This video is about Jewish refugees from nazi Germany in the 1930s.
By Shlomo Ankar in Britain:
Wednesday 3rd February 2016
JEWISH people never seem to agree on much when it comes to politics, and above all on the Israeli-Palestinian conflict. We tend to argue with each other more than any other community, but we are united in feeling that we must do more to help those escaping the conflict in Syria.
Since the crisis emerged, the Jewish community has taken a very pro-refugee view. And this has not only come from those people on the left but has also come from those who are non-political and even some who are Conservatives.
The two main Jewish newspapers in Britain — the Jewish Chronicle and the Jewish News, which are traditionally quite reactionary, have broken with their usual right-wing agenda and have been publishing regular articles that are sympathetic to refugees.
He and a team of leading rabbis went to show solidarity with the people there and the chief rabbi was so moved that he later compared the camp to Auschwitz.
The Movement of Reform Judaism has been active in building a campaign to help refugees.
It has raised funds for charity but has also engaged in political lobbying of local councils to take in more Syrian refugees.
Campaigners and political activists too have been speaking out. Dan Judelson, who is a long-time campaigner from north London, organised a trip to Calais, filling a van full of clothing, blankets and other useful items to offer to refugees there. And there are many more examples of similar stories from the community in recent months.
He encourages Jewish people to help, “not only [because of] our own history, but also the Torah clearly states that we have an obligation to help vulnerable people.”
Film-maker Yoni Higgsmith compared the experience of Jews who escaped nazi Germany to Syrian refugees.
He added that “for refugees to leave all their belongings behind to face such peril in the hope of a livelihood, well, these people deserve our admiration and our help.”
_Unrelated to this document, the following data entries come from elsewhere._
text \<open>With \<open>A = S n\<close>, \<open>B = S (n+1)\<close>, \<open>p = n^r\<close>, \<open>q = (n+1)^r\<close>: the \<open>\<epsilon>\<close>-decrease of
  \<open>S / ((m+1) m^r)\<close> from \<open>n\<close> to \<open>n+1\<close> is the lower bound on \<open>(n+1) A / (n B)\<close>.\<close>
lemma lower_ratio_bound:
  fixes \<epsilon> N p q A B :: real
  assumes "0 < N" "0 < q" "0 < B" "\<epsilon> * (B * ((N + 1) * p)) \<le> \<epsilon> * (A * ((N + 2) * q))"
  shows "\<epsilon> * (p / q * (1 + 1 / (N * (N + 2)))) \<le> \<epsilon> * ((N + 1) * A / (N * B))"
proof (rule signed_diff_nonneg)
  show "0 \<le> (N + 1) / (N * B * q * (N + 2))" using assms by simp
  show "(N + 1) * A / (N * B) - p / q * (1 + 1 / (N * (N + 2)))
      = (N + 1) / (N * B * q * (N + 2)) * (A * ((N + 2) * q) - B * ((N + 1) * p))"
  proof -
    have "N \<noteq> 0" "N + 2 \<noteq> 0" "q \<noteq> 0" "B \<noteq> 0" using assms by auto
    then show ?thesis by (simp add: divide_simps) (simp add: algebra_simps)
  qed
qed (fact assms)

text \<open>Likewise, with \<open>A' = S (n-1)\<close>, the \<open>\<epsilon>\<close>-increase of \<open>S / (m (m+1)^r)\<close> from \<open>n-1\<close>
  to \<open>n\<close> is the upper bound.\<close>
lemma upper_ratio_bound:
  fixes \<epsilon> N p q A' A B :: real
  assumes "0 < N" "0 < q" "0 < B" "A = A' + p" "B = A + q"
    and "\<epsilon> * (A' * (N * q)) \<le> \<epsilon> * (A * ((N - 1) * p))"
  shows "\<epsilon> * ((N + 1) * A / (N * B)) \<le> \<epsilon> * (p / q * (1 + ((N + 1) * q - B) / (N\<^sup>2 * B)))"
proof (rule signed_diff_nonneg)
  show "0 \<le> (N + 1) / (q * N\<^sup>2 * B)" using assms by simp
  show "p / q * (1 + ((N + 1) * q - B) / (N\<^sup>2 * B)) - (N + 1) * A / (N * B)
      = (N + 1) / (q * N\<^sup>2 * B) * (A * ((N - 1) * p) - A' * (N * q))"
  proof -
    have "N \<noteq> 0" "q \<noteq> 0" "B \<noteq> 0" using assms by auto
    then show ?thesis unfolding assms(5) assms(4)
      by (simp add: divide_simps) (simp add: algebra_simps power2_eq_square)
  qed
qed (fact assms)

lemma S_quotient_signed_bounds:
  fixes \<epsilon> r :: real and n :: nat
  assumes n: "n \<ge> 1" and f: "convex_on {0..} (\<lambda>x. \<epsilon> * x powr r)"
  defines "s \<equiv> real n / real (n+1)" and "X \<equiv> real (n+1) * S n r / (real n * S (n+1) r)"
  shows "\<epsilon> * (s powr r * (1 + 1 / (real n * real (n+2)))) \<le> \<epsilon> * X"
    and "\<epsilon> * X \<le> \<epsilon> * (s powr r *
           (1 + (real (n+1) powr (r+1) - S (n+1) r) / ((real n)^2 * S (n+1) r)))"
proof -
  obtain m where m: "n = Suc m" using n by (cases n) auto
  define N where "N = real n"
  define p where "p = N powr r"
  define q where "q = (N + 1) powr r"
  define A' where "A' = S m r"
  define A where "A = S n r"
  define B where "B = S (n + 1) r"
  have N: "1 \<le> N" using n by (simp add: N_def)
  have pq: "0 < p" "0 < q" using N by (simp_all add: p_def q_def)
  have A_eq: "A = A' + p" by (simp add: A_def A'_def p_def N_def m S_Suc)
  have B_eq: "B = A + q" by (simp add: B_def A_def q_def N_def S_Suc add.commute)
  have B: "0 < B" using S_pos n by (simp add: B_def)
  have translate: "s powr r = p / q" "X = (N + 1) * A / (N * B)" "real n * real (n+2) = N * (N + 2)"
    "(real (n+1) powr (r+1) - S (n+1) r) / ((real n)^2 * S (n+1) r) = ((N + 1) * q - B) / (N\<^sup>2 * B)"
    using N by (simp_all add: s_def X_def N_def A_def B_def p_def q_def powr_divide powr_add add.commute)
  show "\<epsilon> * (s powr r * (1 + 1 / (real n * real (n+2)))) \<le> \<epsilon> * X"
    unfolding translate
  proof (rule lower_ratio_bound)
    show "\<epsilon> * (B * ((N + 1) * p)) \<le> \<epsilon> * (A * ((N + 2) * q))"
      using S_over_backward_antimono[OF f, of n] by (simp add: A_def B_def N_def p_def q_def algebra_simps)
  qed (use N pq B in auto)
  show "\<epsilon> * X \<le> \<epsilon> * (s powr r *
           (1 + (real (n+1) powr (r+1) - S (n+1) r) / ((real n)^2 * S (n+1) r)))"
    unfolding translate
  proof (rule upper_ratio_bound[OF _ _ _ A_eq B_eq])
    show "\<epsilon> * (A' * (N * q)) \<le> \<epsilon> * (A * ((N - 1) * p))"
      using S_over_forward_mono[OF f, of m] by (simp add: A_def A'_def N_def p_def q_def m algebra_simps)
  qed (use N pq B in auto)
qed

lemma signed_root_scaled:
  fixes \<epsilon> r s c x :: real
  assumes r: "0 < r" and \<epsilon>: "\<epsilon> = 1 \<or> \<epsilon> = -1" and nonneg: "0 \<le> s" "0 \<le> c" "0 \<le> x"
  shows "\<epsilon> * (s powr r * c) \<le> \<epsilon> * x \<Longrightarrow> \<epsilon> * (s * c powr (1/r)) \<le> \<epsilon> * x powr (1/r)"
    and "\<epsilon> * x \<le> \<epsilon> * (s powr r * c) \<Longrightarrow> \<epsilon> * x powr (1/r) \<le> \<epsilon> * (s * c powr (1/r))"
proof -
  have root: "(s powr r * c) powr (1/r) = s * c powr (1/r)"
    using r nonneg by (simp add: powr_mult powr_powr)
  have mono: "\<epsilon> * y powr (1/r) \<le> \<epsilon> * z powr (1/r)" if "0 \<le> y" "0 \<le> z" "\<epsilon> * y \<le> \<epsilon> * z" for y z
    using \<epsilon> r that by (auto intro!: powr_mono2)
  have "0 \<le> s powr r * c" using nonneg by simp
  then show "\<epsilon> * (s powr r * c) \<le> \<epsilon> * x \<Longrightarrow> \<epsilon> * (s * c powr (1/r)) \<le> \<epsilon> * x powr (1/r)"
    and "\<epsilon> * x \<le> \<epsilon> * (s powr r * c) \<Longrightarrow> \<epsilon> * x powr (1/r) \<le> \<epsilon> * (s * c powr (1/r))"
    using mono[of "s powr r * c" x] mono[of x "s powr r * c"] nonneg by (simp_all only: root)
qed

lemma signed_ratio_bounds:
  fixes \<epsilon> r :: real and n :: nat
  assumes n: "n \<ge> 1" and r: "0 < r" and \<epsilon>: "\<epsilon> = 1 \<or> \<epsilon> = -1"
    and f: "convex_on {0..} (\<lambda>x. \<epsilon> * x powr r)"
  defines "s \<equiv> real n / real (n+1)" and "X \<equiv> real (n+1) * S n r / (real n * S (n+1) r)"
    and "c \<equiv> 1 + (real (n+1) powr (r+1) - S (n+1) r) / ((real n)^2 * S (n+1) r)"
  shows "\<epsilon> * (s * (1 + 1 / (real n * real (n+2))) powr (1/r)) \<le> \<epsilon> * X powr (1/r)"
    and "\<epsilon> * X powr (1/r) \<le> \<epsilon> * (s * c powr (1/r))"
proof -
  have Sn: "0 < S n r" "0 < S (n+1) r" using S_pos n by auto
  have s: "0 \<le> s" and X: "0 \<le> X" using n Sn by (simp_all add: s_def X_def)
  have "S (n+1) r \<le> (real n)^2 * S (n+1) r" using n Sn by (simp add: one_le_power)
  moreover have "0 < real (n+1) powr (r+1)" by simp
  ultimately have "- ((real n)^2 * S (n+1) r) \<le> real (n+1) powr (r+1) - S (n+1) r" by linarith
  then have c: "0 \<le> c" using n Sn by (simp add: c_def field_simps)
  show "\<epsilon> * (s * (1 + 1 / (real n * real (n+2))) powr (1/r)) \<le> \<epsilon> * X powr (1/r)"
    using signed_root_scaled(1)[OF r \<epsilon> s _ X] S_quotient_signed_bounds(1)[OF n f] by (simp add: s_def X_def)
  show "\<epsilon> * X powr (1/r) \<le> \<epsilon> * (s * c powr (1/r))"
    using signed_root_scaled(2)[OF r \<epsilon> s c X] S_quotient_signed_bounds(2)[OF n f] by (simp add: s_def X_def c_def)
qed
Members of the Union of Jewish Students (UJS) have also been active. UJS members tend to only campaign on pro-Israel issues, with many of them being Conservative voters.
Yet UJS members do not share David Cameron’s lack of compassion for refugees and have been active both in raising funds for charity and also in some political activity to help refugees.
This contradicts the right-wing bloggers’ stereotype that the Jewish community is opposed to allowing refugees into the country.
Some have suggested that the Jewish community is only concerned about crime and terrorism, that Jews are more in line with Ukip policy in opposing migration, especially from Muslim countries.
But this could not be further from the truth. For many of us it is heartbreaking that in 2016 there are still people living in refugee camps who are struggling to survive.
This feeling is not confined to Jews on the left, such as myself. It is shared by others who are non-political or even right-wing.
After decades, if not centuries, of learning about Jewish suffering, we all see similarities with the plight of Syrians and hence want to do what we can to help.
Of course it would be wrong to exaggerate. Some members of the Jewish community share David Cameron’s views on migrants and some even support Ukip’s position. But they are in the minority. Most share Jeremy Corbyn’s view that we must do far more to help those fleeing war and persecution in their home countries.
The refugee crisis has warmed much of the community to Corbyn after seeing pictures of him in Calais standing in solidarity with the people in those camps, particularly after Cameron’s criticism of Corbyn for wanting to help “a bunch of migrants.”
Jews in 2016 still feel the pain of World War II, even if that occured decades ago. So most Jews stand in solidarity with their fellow humans who had to flee war in Syria and now languish as refugees.